Division of Biostatistics, School of Public Health, University of California, Berkeley, CA, USA.
Division of Research, Kaiser Permanente Northern California, Oakland, CA, USA.
BMC Med. 2022 Sep 15;20(1):307. doi: 10.1186/s12916-022-02499-7.
Gestational diabetes (GDM) is prevalent and benefits from timely and effective treatment, given the short window to impact glycemic control.
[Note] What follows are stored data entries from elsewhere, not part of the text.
(* (1) If $q$ is even, then $\mathrm{Pr}(\mathrm{Fig}(T))=m_T$. (2) If $q$ is odd, then $\mathrm{Pr}(\mathrm{Fig}(T))=\{T^\phi,T^{\phi^2}\}\cup\mathcal S_{-1}\cup\bigcup\{\mathcal S_\theta:\theta\in\mathbb{F}_{q^3}^*,\ N(\theta)\text{ a nonzero square in }\mathbb{F}_q\}$. Further $|\mathrm{Pr}(\mathrm{Fig}(T))|$ equals $2+\frac{q-1}{2}(q^2+q+1)$ if $q\equiv1\pmod 4$ and $2+\frac{q+1}{2}(q^2+q+1)$ if $q\equiv3\pmod4$.
   Context: Let $q$ be a prime power, $\mathbb{F}_{q^3}^*=\mathbb{F}_{q^3}\setminus\{0\}$, $N(x)=x^{q^2+q+1}$. Points of $\mathrm{PG}(2,q^3)$ have homogeneous coordinates $(x,y,z)$ and lines $[a,b,c]$. Let $\phi$ be the collineation $(x,y,z)\mapsto(z^q,x^q,y^q)$ (on lines $[d,e,f]\mapsto[f^q,d^q,e^q]$). A point has Type II (resp. III) if its $\phi$-orbit is three collinear (resp. non-collinear) points; a line has Type III if its $\phi$-orbit is three non-concurrent lines. For a Type III point $X$, the Fig-block is $\mathrm{Fig}(X)=\mathcal E_X\cup\mathcal F_X$, where $\mathcal E_X$ is the set of Type II points on the line $X^\phi X^{\phi^2}$ and $\mathcal F_X=\{\ell^\phi\cap\ell^{\phi^2}:\ell\text{ a Type III line through }X\}$. Let $T=(0,0,1)$ (a Type III point), $T^\phi=(1,0,0)$, $T^{\phi^2}=(0,1,0)$, and $m_T=T^\phi T^{\phi^2}$ the line $[0,0,1]$. For a point $P\neq T$, $\mathrm{Pr}(P)=TP\cap m_T$, and for a set of points not containing $T$, $\mathrm{Pr}$ is applied elementwise. For $\theta\in\mathbb{F}_{q^3}^*$, $\mathcal S_\theta=\{(x\theta,x^q,0):x\in\mathbb{F}_{q^3}^*\}$. *)

theory Defs
  imports Main "HOL-Computational_Algebra.Primes"
begin

text \<open>Points (and lines) of PG(2,F) are represented as classes of nonzero
  homogeneous coordinate triples up to nonzero scalars.\<close>

type_synonym 'a vec3 = "'a \<times> 'a \<times> 'a"

definition pt :: "'a::field vec3 \<Rightarrow> 'a vec3 set" where
  "pt v = (\<lambda>c. (c * fst v, c * fst (snd v), c * snd (snd v))) ` {c. c \<noteq> 0}"

definition points :: "'a::field vec3 set set" where
  "points = {pt v | v. v \<noteq> (0, 0, 0)}"

abbreviation lines :: "'a::field vec3 set set" where
  "lines \<equiv> points"

definition dot3 :: "'a::field vec3 \<Rightarrow> 'a vec3 \<Rightarrow> 'a" where
  "dot3 v w = fst v * fst w + fst (snd v) * fst (snd w) + snd (snd v) * snd (snd w)"

definition incid :: "'a::field vec3 set \<Rightarrow> 'a vec3 set \<Rightarrow> bool" where
  "incid P L \<longleftrightarrow> (\<exists>v\<in>P. \<exists>w\<in>L. dot3 v w = 0)"

definition pts_on :: "'a::field vec3 set \<Rightarrow> 'a vec3 set set" where
  "pts_on L = {P \<in> points. incid P L}"

definition join :: "'a::field vec3 set \<Rightarrow> 'a vec3 set \<Rightarrow> 'a vec3 set" where
  "join P Q = (THE L. L \<in> lines \<and> incid P L \<and> incid Q L)"

definition meet :: "'a::field vec3 set \<Rightarrow> 'a vec3 set \<Rightarrow> 'a vec3 set" where
  "meet L M = (THE P. P \<in> points \<and> incid P L \<and> incid P M)"

definition collinear :: "'a::field vec3 set set \<Rightarrow> bool" where
  "collinear S \<longleftrightarrow> (\<exists>L\<in>lines. \<forall>P\<in>S. incid P L)"

definition concurrent :: "'a::field vec3 set set \<Rightarrow> bool" where
  "concurrent S \<longleftrightarrow> (\<exists>P\<in>points. \<forall>L\<in>S. incid P L)"

text \<open>The collineation phi: (x,y,z) to (z^q,x^q,y^q); on lines [d,e,f] to
  [f^q,d^q,e^q], i.e. the same formula on coordinate classes.\<close>
definition phi :: "nat \<Rightarrow> 'a::field vec3 set \<Rightarrow> 'a vec3 set" where
  "phi q P = (\<lambda>v. (snd (snd v) ^ q, fst v ^ q, fst (snd v) ^ q)) ` P"

definition orb :: "nat \<Rightarrow> 'a::field vec3 set \<Rightarrow> 'a vec3 set set" where
  "orb q P = {P, phi q P, phi q (phi q P)}"

definition typeII_pt :: "nat \<Rightarrow> 'a::field vec3 set \<Rightarrow> bool" where
  "typeII_pt q P \<longleftrightarrow> P \<in> points \<and> card (orb q P) = 3 \<and> collinear (orb q P)"

definition typeIII_pt :: "nat \<Rightarrow> 'a::field vec3 set \<Rightarrow> bool" where
  "typeIII_pt q P \<longleftrightarrow> P \<in> points \<and> card (orb q P) = 3 \<and> \<not> collinear (orb q P)"

definition typeIII_line :: "nat \<Rightarrow> 'a::field vec3 set \<Rightarrow> bool" where
  "typeIII_line q L \<longleftrightarrow> L \<in> lines \<and> card (orb q L) = 3 \<and> \<not> concurrent (orb q L)"

definition E_set :: "nat \<Rightarrow> 'a::field vec3 set \<Rightarrow> 'a vec3 set set" where
  "E_set q X = {P. typeII_pt q P \<and> incid P (join (phi q X) (phi q (phi q X)))}"

definition F_set :: "nat \<Rightarrow> 'a::field vec3 set \<Rightarrow> 'a vec3 set set" where
  "F_set q X = {meet (phi q l) (phi q (phi q l)) | l. typeIII_line q l \<and> incid X l}"

definition Fig :: "nat \<Rightarrow> 'a::field vec3 set \<Rightarrow> 'a vec3 set set" where
  "Fig q X = E_set q X \<union> F_set q X"

definition Tpt :: "'a::field vec3 set" where
  "Tpt = pt (0, 0, 1)"

text \<open>m_T = T^phi T^phi^2, the line [0,0,1].\<close>
definition mT :: "'a::field vec3 set" where
  "mT = pt (0, 0, 1)"

definition Pr :: "'a::field vec3 set \<Rightarrow> 'a vec3 set" where
  "Pr P = meet (join Tpt P) mT"

definition S_theta :: "nat \<Rightarrow> 'a::field \<Rightarrow> 'a vec3 set set" where
  "S_theta q \<theta> = {pt (x * \<theta>, x ^ q, 0) | x. x \<noteq> 0}"

definition normq :: "nat \<Rightarrow> 'a::field \<Rightarrow> 'a" where
  "normq q x = x ^ (q^2 + q + 1)"

text \<open>Nonzero square in the subfield F_q = {s. s^q = s}.\<close>
definition nz_square_Fq :: "nat \<Rightarrow> 'a::field \<Rightarrow> bool" where
  "nz_square_Fq q a \<longleftrightarrow> (\<exists>s. s ^ q = s \<and> s \<noteq> 0 \<and> a = s ^ 2)"

end

theory Submission
  imports Defs "HOL-Computational_Algebra.Polynomial"
begin

text \<open>
  With \<open>T = (0,0,1)\<close> every line through \<open>T\<close>, and every point of \<open>m\<^sub>T\<close> other than
  \<open>T\<^sup>\<phi> = (1,0,0)\<close>, has coordinates \<open>(s,1,0)\<close>. The \<open>\<phi>\<close>-orbit of \<open>(s,1,0)\<close> is
  \<open>(s,1,0), (0,s\<^sup>q,1), (1,0,s\<^sup>q\<^sup>2)\<close>, which is collinear exactly when \<open>N(s) = -1\<close>.
  Hence \<open>\<E>\<^sub>T\<close> consists of the points \<open>(t,1,0)\<close> with \<open>N(t) = -1\<close>, while a type III line
  \<open>[s,1,0]\<close> contributes to \<open>\<F>\<^sub>T\<close> a point projecting to \<open>(s\<^sup>q s\<^sup>q\<^sup>2, 1, 0)\<close>, and
  \<open>s\<^sup>q s\<^sup>q\<^sup>2 = N(s)/s\<close>. If \<open>N(s) = c\<close> then \<open>t = c/s\<close> has \<open>N(t) = c\<^sup>2\<close>, and conversely
  \<open>s = c/t\<close>; so the projection of \<open>\<F>\<^sub>T\<close> is \<open>(0,1,0)\<close> together with the points \<open>(t,1,0)\<close>
  for which \<open>N(t)\<close> is the square of some \<open>c \<in> \<F>\<^sub>q\<^sup>*\<close> with \<open>c \<noteq> -1\<close>. In characteristic 2
  every element of \<open>\<F>\<^sub>q\<^sup>*\<close> is a square and the excluded value \<open>N(t) = 1 = -1\<close> is covered by
  \<open>\<E>\<^sub>T\<close>; for odd \<open>q\<close> the condition \<open>c \<noteq> -1\<close> is harmless since \<open>(-c)\<^sup>2 = c\<^sup>2\<close>.
  The count follows because the norm maps the nonzero elements of the field of order \<open>q\<^sup>3\<close>
  onto \<open>\<F>\<^sub>q\<^sup>*\<close> with fibres of size \<open>q\<^sup>2 + q + 1\<close> (Hilbert 90), \<open>\<F>\<^sub>q\<^sup>*\<close> has \<open>(q - 1)/2\<close> nonzero squares, and
  \<open>-1\<close> is a square in \<open>\<F>\<^sub>q\<close> iff \<open>q \<equiv> 1 (mod 4)\<close>.
\<close>

section \<open>Finite fields\<close>

lemma finite_field_power_card:
  fixes x :: "'a::{field,finite}"
  shows "x ^ card (UNIV :: 'a set) = x"
proof (cases "x = 0")
  case False
  have "x * (\<Prod>y\<in>UNIV-{0}. x * y) = x * x ^ (card (UNIV :: 'a set) - 1) * \<Prod>(UNIV-{0})"
    by (simp add: prod.distrib mult_ac)
  also have "x * x ^ (card (UNIV :: 'a set) - 1) = x ^ card (UNIV :: 'a set)"
    using finite_UNIV_card_ge_0[where ?'a = 'a] by (cases "card (UNIV :: 'a set)") simp_all
  also have "(\<Prod>y\<in>UNIV-{0}. x * y) = (\<Prod>y\<in>UNIV-{0}. y)"
    by (rule prod.reindex_bij_witness[of _ "\<lambda>y. y / x" "\<lambda>y. x * y"]) (use False in auto)
  finally show ?thesis
    by simp
qed (use finite_UNIV_card_ge_0[where ?'a = 'a] in auto)

lemma involution_orbits_eq:
  assumes "g (g x) = x" and "g (g y) = y" and "z \<in> {x, g x}" and "z \<in> {y, g y}"
  shows "{x, g x} = {y, g y}"
proof -
  consider "x = y" | "x = g y" | "g x = y" | "g x = g y"
    using assms(3,4) by blast
  then show ?thesis
  proof cases
    case 2
    then show ?thesis
      using assms(2) by (simp add: insert_commute)
  next
    case 3
    then show ?thesis
      using assms(1) by (simp add: insert_commute)
  next
    case 4
    then have "x = y"
      using assms(1,2) by metis
    then show ?thesis
      by simp
  qed simp
qed

lemma even_card_if_involution:
  assumes "finite A" and "\<And>x. x \<in> A \<Longrightarrow> g x \<in> A"
    and "\<And>x. x \<in> A \<Longrightarrow> g (g x) = x" and "\<And>x. x \<in> A \<Longrightarrow> g x \<noteq> x"
  shows "even (card A)"
proof -
  let ?C = "(\<lambda>x. {x, g x}) ` A"
  have "2 * card ?C = card (\<Union>?C)"
  proof (rule card_partition)
    show "finite ?C" "finite (\<Union>?C)"
      using assms(1,2) by auto
    show "card c = 2" if "c \<in> ?C" for c
    proof -
      obtain x where "x \<in> A" and c: "c = {x, g x}"
        using \<open>c \<in> ?C\<close> by blast
      then have "x \<noteq> g x"
        using assms(4) by metis
      then show ?thesis
        unfolding c by simp
    qed
    show "c1 \<inter> c2 = {}" if "c1 \<in> ?C" "c2 \<in> ?C" and "c1 \<noteq> c2" for c1 c2
    proof -
      obtain x y where "x \<in> A" "y \<in> A" and c: "c1 = {x, g x}" "c2 = {y, g y}"
        using \<open>c1 \<in> ?C\<close> \<open>c2 \<in> ?C\<close> by blast
      then have "g (g x) = x" and "g (g y) = y"
        using assms(3) by auto
      then show ?thesis
        using \<open>c1 \<noteq> c2\<close> involution_orbits_eq[of g x y] unfolding c by blast
    qed
  qed
  moreover have "\<Union>?C = A"
    using assms(2) by auto
  ultimately have "card A = 2 * card ?C"
    by simp
  then show ?thesis
    by simp
qed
Clinicians face major barriers to choosing effectively among treatment modalities [medical nutrition therapy (MNT) with or without pharmacologic treatment (antidiabetic oral agents and/or insulin)]. We investigated whether clinical data at varied stages of pregnancy can predict GDM treatment modality.
Among a population-based cohort of 30,474 pregnancies with GDM delivered at Kaiser Permanente Northern California in 2007-2017, we selected those in 2007-2016 as the discovery set and 2017 as the temporal/future validation set. Potential predictors were extracted from electronic health records at different timepoints (levels 1-4): (1) 1-year preconception to the last menstrual period, (2) the last menstrual period to GDM diagnosis, (3) at GDM diagnosis, and (4) 1 week after GDM diagnosis. We compared transparent and ensemble machine learning prediction methods, including least absolute shrinkage and selection operator (LASSO) regression and super learner, containing classification and regression tree, LASSO regression, random forest, and extreme gradient boosting algorithms, to predict risks for pharmacologic treatment beyond MNT.
The super learner using levels 1-4 predictors had higher predictability [tenfold cross-validated C-statistic in discovery/validation set: 0.934 (95% CI: 0.931-0.936)/0.815 (0.800-0.829)], compared to levels 1, 1-2, and 1-3 (discovery/validation set C-statistic: 0.683-0.869/0.634-0.754). A simpler, more interpretable model, including timing of GDM diagnosis, diagnostic fasting glucose value, and the status and frequency of glycemic control at fasting during one-week post diagnosis, was developed using tenfold cross-validated logistic regression based on super learner-selected predictors. This model compared to the super learner had only a modest reduction in predictability [discovery/validation set C-statistic: 0.825 (0.820-0.830)/0.798 (95% CI: 0.783-0.813)].
Clinical data demonstrated reasonably high predictability for GDM treatment modality at the time of GDM diagnosis and high predictability at 1-week post GDM diagnosis. These population-based, clinically oriented models may support algorithm-based risk-stratification for treatment modality, inform timely treatment, and catalyze more effective management of GDM.
妊娠糖尿病(GDM)普遍存在,且受益于及时有效的治疗,因为控制血糖的窗口期很短。临床医生在选择治疗方式方面面临着重大障碍[医学营养疗法(MNT)加或不加药物治疗(抗糖尿病口服药物和/或胰岛素)]。我们研究了在妊娠的不同阶段的临床数据是否可以预测 GDM 的治疗方式。
在 2007 年至 2017 年期间,在凯撒永久北加利福尼亚进行的一项基于人群的 30474 例 GDM 分娩队列中,我们选择了 2007 年至 2016 年的数据作为发现集,2017 年的数据作为时间/未来验证集。从电子健康记录中提取不同时间点(1-4 级)的潜在预测因子:(1)受孕前 1 年至末次月经周期,(2)末次月经周期至 GDM 诊断,(3)GDM 诊断时,以及(4)GDM 诊断后 1 周。我们比较了透明和集成机器学习预测方法,包括最小绝对收缩和选择算子(LASSO)回归和超级学习者,包含分类和回归树、LASSO 回归、随机森林和极端梯度提升算法,以预测 MNT 以外的药物治疗风险。
使用 1-4 级预测因子的超级学习者具有更高的预测能力[发现/验证集中的十倍交叉验证 C 统计量:0.934(95%CI:0.931-0.936)/0.815(0.800-0.829)],与 1 级、1-2 级和 1-3 级(发现/验证集 C 统计量:0.683-0.869/0.634-0.754)相比。使用基于超级学习者选择的预测因子的十倍交叉验证逻辑回归开发了一种更简单、更具可解释性的模型,该模型包括 GDM 诊断时间、诊断空腹血糖值以及 GDM 诊断后一周内空腹血糖控制的状态和频率。与超级学习者相比,该模型的预测能力仅略有下降[发现/验证集 C 统计量:0.825(0.820-0.830)/0.798(95%CI:0.783-0.813)]。
在 GDM 诊断时和 GDM 诊断后 1 周时,临床数据显示 GDM 治疗方式具有相当高的预测能力。这些基于人群的、以临床为导向的模型可能支持基于算法的治疗方式风险分层,及时治疗,并促进 GDM 的更有效管理。